Study material:
(* Let $T(n)=(3n+1)/2^{v_2(3n+1)}$ be the Syracuse map. For an odd positive integer $n$, let $L=v_2(n+1)-1$, let $r=v_2(3T^L(n)+1)$, and let $n'=T^{L+1}(n)$. Then $$\log_2\frac{n'}{n}=X(n)+C(n),\qquad X(n)=(L+1)\log_2 3-(L+r),\qquad C(n)=\log_2\!\Bigl(1+\frac{1-(2/3)^{L+1}}{n}\Bigr).$$ The correction satisfies $0<C(n)<\log_2(1+1/n)$, and (for fixed $L$) $C(n)$ is monotonically decreasing in $n$.
   Context: $v_2$ is the $2$-adic valuation, $T^j$ the $j$-th iterate of $T$. *)

theory Defs
  imports Complex_Main "HOL-Computational_Algebra.Primes"
begin

definition v2 :: "nat \<Rightarrow> nat" where
  "v2 k = multiplicity (2::nat) k"

definition syracuse :: "nat \<Rightarrow> nat" where
  "syracuse k = (3 * k + 1) div 2 ^ v2 (3 * k + 1)"

definition syrX :: "nat \<Rightarrow> nat \<Rightarrow> real" where
  "syrX L r = real (L + 1) * log 2 3 - real (L + r)"

definition syrC :: "nat \<Rightarrow> nat \<Rightarrow> real" where
  "syrC L k = log 2 (1 + (1 - (2/3) ^ (L + 1)) / real k)"

end

theory Submission
  imports Defs
begin

text \<open>
  Since \<open>2^(L+1)\<close> divides \<open>n + 1\<close>, each of the first \<open>L\<close> iterates is \<open>3 mod 4\<close>, so each
  of the first \<open>L\<close> steps is \<open>m \<mapsto> (3m+1)/2\<close>, i.e. multiplies \<open>m + 1\<close> by \<open>3/2\<close>; hence
  \<open>2^L (T^L n + 1) = 3^L (n + 1)\<close>. The next step divides \<open>3 T^L n + 1\<close> by \<open>2^r\<close>, giving
  the exact identity \<open>2^(L+r) n' + 2^(L+1) = 3^(L+1) (n + 1)\<close>. Dividing by \<open>2^(L+r) n\<close> and
  taking logarithms yields \<open>X(n) + C(n)\<close>; the bounds on \<open>C\<close> only use
  \<open>0 < 1 - (2/3)^(L+1) < 1\<close>.
\<close>

lemma v2_eq_1_if_mod_4: "x mod 4 = 2 \<Longrightarrow> v2 x = 1"
  unfolding v2_def
proof (rule multiplicity_eqI)
  assume "x mod 4 = 2"
  then show "(2::nat) ^ 1 dvd x" and "\<not> (2::nat) ^ Suc 1 dvd x"
    by simp_all presburger+
qed

lemma syracuse_mult_power_v2: "syracuse k * 2 ^ v2 (3 * k + 1) = 3 * k + 1"
  unfolding syracuse_def v2_def by (simp add: multiplicity_dvd)

lemma syracuse_plus_one_if_4_dvd:
  assumes "4 dvd m + 1"
  shows "2 * (syracuse m + 1) = 3 * (m + 1)"
proof -
  have "(3 * m + 1) mod 4 = 2" using assms by presburger
  then have "v2 (3 * m + 1) = 1" by (rule v2_eq_1_if_mod_4)
  then have "syracuse m * 2 = 3 * m + 1" using syracuse_mult_power_v2[of m] by simp
  then show ?thesis by simp
qed

lemma syracuse_iterate_plus_one:
  assumes "2 ^ (L + 1) dvd n + 1" and "j \<le> L"
  shows "2 ^ j * ((syracuse ^^ j) n + 1) = 3 ^ j * (n + 1)"
  using assms(2)
proof (induction j)
  case 0
  then show ?case by simp
next
  case (Suc j)
  define m where "m = (syracuse ^^ j) n"
  have IH: "2 ^ j * (m + 1) = 3 ^ j * (n + 1)"
    using Suc unfolding m_def by simp
  have "(2::nat) ^ (j + 2) dvd 2 ^ (L + 1)"
    using Suc.prems by (intro le_imp_power_dvd) simp
  from dvd_trans[OF this assms(1)] have "2 ^ j * 4 dvd n + 1"
    by (simp add: power_add mult.commute)
  then have "2 ^ j * 4 dvd 3 ^ j * (n + 1)"
    by (rule dvd_mult)
  then have "4 dvd m + 1"
    unfolding IH[symmetric] by (simp only: nat_mult_dvd_cancel_disj) simp
  then have "2 * (syracuse m + 1) = 3 * (m + 1)"
    by (rule syracuse_plus_one_if_4_dvd)
  then have "2 ^ Suc j * (syracuse m + 1) = 3 * (2 ^ j * (m + 1))"
    by (metis mult.assoc mult.left_commute power_Suc2)
  also have "\<dots> = 3 ^ Suc j * (n + 1)"
    unfolding IH by simp
  finally show ?case
    unfolding m_def by simp
qed

lemma syracuse_iterate_closed_form:
  assumes "2 ^ (L + 1) dvd n + 1"
  defines "r \<equiv> v2 (3 * (syracuse ^^ L) n + 1)"
  shows "(syracuse ^^ (L + 1)) n * 2 ^ (L + r) + 2 ^ (L + 1) = 3 ^ (L + 1) * (n + 1)"
proof -
  define M where "M = (syracuse ^^ L) n"
  have "(syracuse ^^ (L + 1)) n * 2 ^ r = 3 * M + 1"
    using syracuse_mult_power_v2[of M] unfolding M_def r_def by simp
  then have "(syracuse ^^ (L + 1)) n * 2 ^ (L + r) = 2 ^ L * (3 * M + 1)"
    by (metis mult.assoc mult.commute power_add)
  moreover have "2 ^ L * (M + 1) = 3 ^ L * (n + 1)"
    unfolding M_def using syracuse_iterate_plus_one[OF assms(1) order.refl] .
  ultimately show ?thesis
    by (simp add: algebra_simps)
qed

lemma log_power_div_power_eq_syrX: "log 2 (3 ^ (L + 1) / 2 ^ (L + r)) = syrX L r"
proof -
  have "log 2 ((3::real) ^ (L + 1)) = real (L + 1) * log 2 3"
    by (rule log_nat_power) simp
  moreover have "log 2 ((2::real) ^ (L + r)) = real (L + r)"
    by (simp add: log_nat_power)
  ultimately show ?thesis
    unfolding syrX_def by (subst log_divide) simp_all
qed

lemma log_one_plus_div_pos:
  fixes b c x :: real
  assumes "1 < b" "0 < c" "0 < x"
  shows "0 < log b (1 + c / x)"
proof -
  have "1 < 1 + c / x"
    using assms by simp
  then show ?thesis
    using assms(1) by simp
qed

lemma log_one_plus_div_strict_mono:
  fixes b c d x :: real
  assumes "1 < b" "0 \<le> c" "c < d" "0 < x"
  shows "log b (1 + c / x) < log b (1 + d / x)"
  using assms by (simp add: divide_strict_right_mono add_pos_nonneg)

lemma log_one_plus_div_strict_antimono:
  fixes b c x y :: real
  assumes "1 < b" "0 < c" "0 < x" "x < y"
  shows "log b (1 + c / y) < log b (1 + c / x)"
  using assms by (simp add: divide_strict_left_mono add_pos_nonneg)

lemma one_minus_two_thirds_power_bounds:
  "0 < k \<Longrightarrow> 0 < 1 - (2/3::real) ^ k" "1 - (2/3::real) ^ k < 1"
  by (simp_all add: power_less_one_iff)

lemma log_div_eq_syrX_plus_syrC:
  assumes "n > 0" and "A * 2 ^ (L + r) + 2 ^ (L + 1) = 3 ^ (L + 1) * (real n + 1)"
  shows "log 2 (A / real n) = syrX L r + syrC L n"
proof -
  define a b q where "a = (3::real) ^ (L + 1)" and "b = (2::real) ^ (L + r)"
    and "q = (2/3::real) ^ (L + 1)"
  have "a * q = 2 ^ (L + 1)"
    unfolding a_def q_def by (simp flip: power_mult_distrib)
  then have "A * b + a * q = a * (real n + 1)"
    using assms(2) unfolding a_def[symmetric] b_def[symmetric] by simp
  moreover have "0 < a" "0 < b"
    unfolding a_def b_def by simp_all
  ultimately have "A / real n = a / b * (1 + (1 - q) / real n)"
    using assms(1) by (simp add: field_simps)
  moreover have "0 < 1 + (1 - q) / real n"
    using one_minus_two_thirds_power_bounds(1)[of "L + 1"] assms(1)
    unfolding q_def[symmetric] by (simp add: add_pos_pos)
  ultimately have "log 2 (A / real n) = log 2 (a / b) + log 2 (1 + (1 - q) / real n)"
    using \<open>0 < a\<close> \<open>0 < b\<close> by (simp only:) (rule log_mult_pos; simp)
  then show ?thesis
    unfolding a_def b_def q_def log_power_div_power_eq_syrX syrC_def .
qed

lemma syrC_pos: "n > 0 \<Longrightarrow> 0 < syrC L n"
  unfolding syrC_def using one_minus_two_thirds_power_bounds(1)[of "L + 1"]
  by (intro log_one_plus_div_pos) simp_all

lemma syrC_less_log: "n > 0 \<Longrightarrow> syrC L n < log 2 (1 + 1 / real n)"
  unfolding syrC_def using one_minus_two_thirds_power_bounds[of "L + 1"]
  by (intro log_one_plus_div_strict_mono) simp_all

lemma syrC_strict_antimono: "0 < n \<Longrightarrow> n < m \<Longrightarrow> syrC L m < syrC L n"
  unfolding syrC_def using one_minus_two_thirds_power_bounds(1)[of "L + 1"]
  by (intro log_one_plus_div_strict_antimono) simp_all

theorem mainTheorem4:
  fixes n :: nat
  assumes "odd n" and "n > 0"
  shows "let L = v2 (n + 1) - 1;
             r = v2 (3 * (syracuse ^^ L) n + 1);
             n' = (syracuse ^^ (L + 1)) n
         in log 2 (real n' / real n) = syrX L r + syrC L n
            \<and> 0 < syrC L n \<and> syrC L n < log 2 (1 + 1 / real n)
            \<and> (\<forall>m::nat. odd m \<and> v2 (m + 1) - 1 = L \<and> n < m \<longrightarrow> syrC L m < syrC L n)"
proof -
  define L where "L = v2 (n + 1) - 1"
  define r where "r = v2 (3 * (syracuse ^^ L) n + 1)"
  have "v2 (n + 1) \<ge> 1"
    unfolding v2_def by (rule multiplicity_geI) (use assms(1) in auto)
  then have "2 ^ (L + 1) dvd n + 1"
    unfolding L_def by (simp add: v2_def multiplicity_dvd)
  then have "(syracuse ^^ (L + 1)) n * 2 ^ (L + r) + 2 ^ (L + 1) = 3 ^ (L + 1) * (n + 1)"
    unfolding r_def by (rule syracuse_iterate_closed_form)
  from arg_cong[where f = real, OF this]
  have "real ((syracuse ^^ (L + 1)) n) * 2 ^ (L + r) + 2 ^ (L + 1) = 3 ^ (L + 1) * (real n + 1)"
    by (simp only: of_nat_add of_nat_mult of_nat_power of_nat_numeral of_nat_1)
  then show ?thesis
    unfolding Let_def L_def[symmetric] r_def[symmetric]
    using log_div_eq_syrX_plus_syrC[OF assms(2)] syrC_pos[OF assms(2)] syrC_less_log[OF assms(2)]
      syrC_strict_antimono[OF assms(2)]
    by blast
qed

end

Aim of the task: For the listing above, give the number of lines in which the string "moreover" occurs, and nothing else.

Response area: 4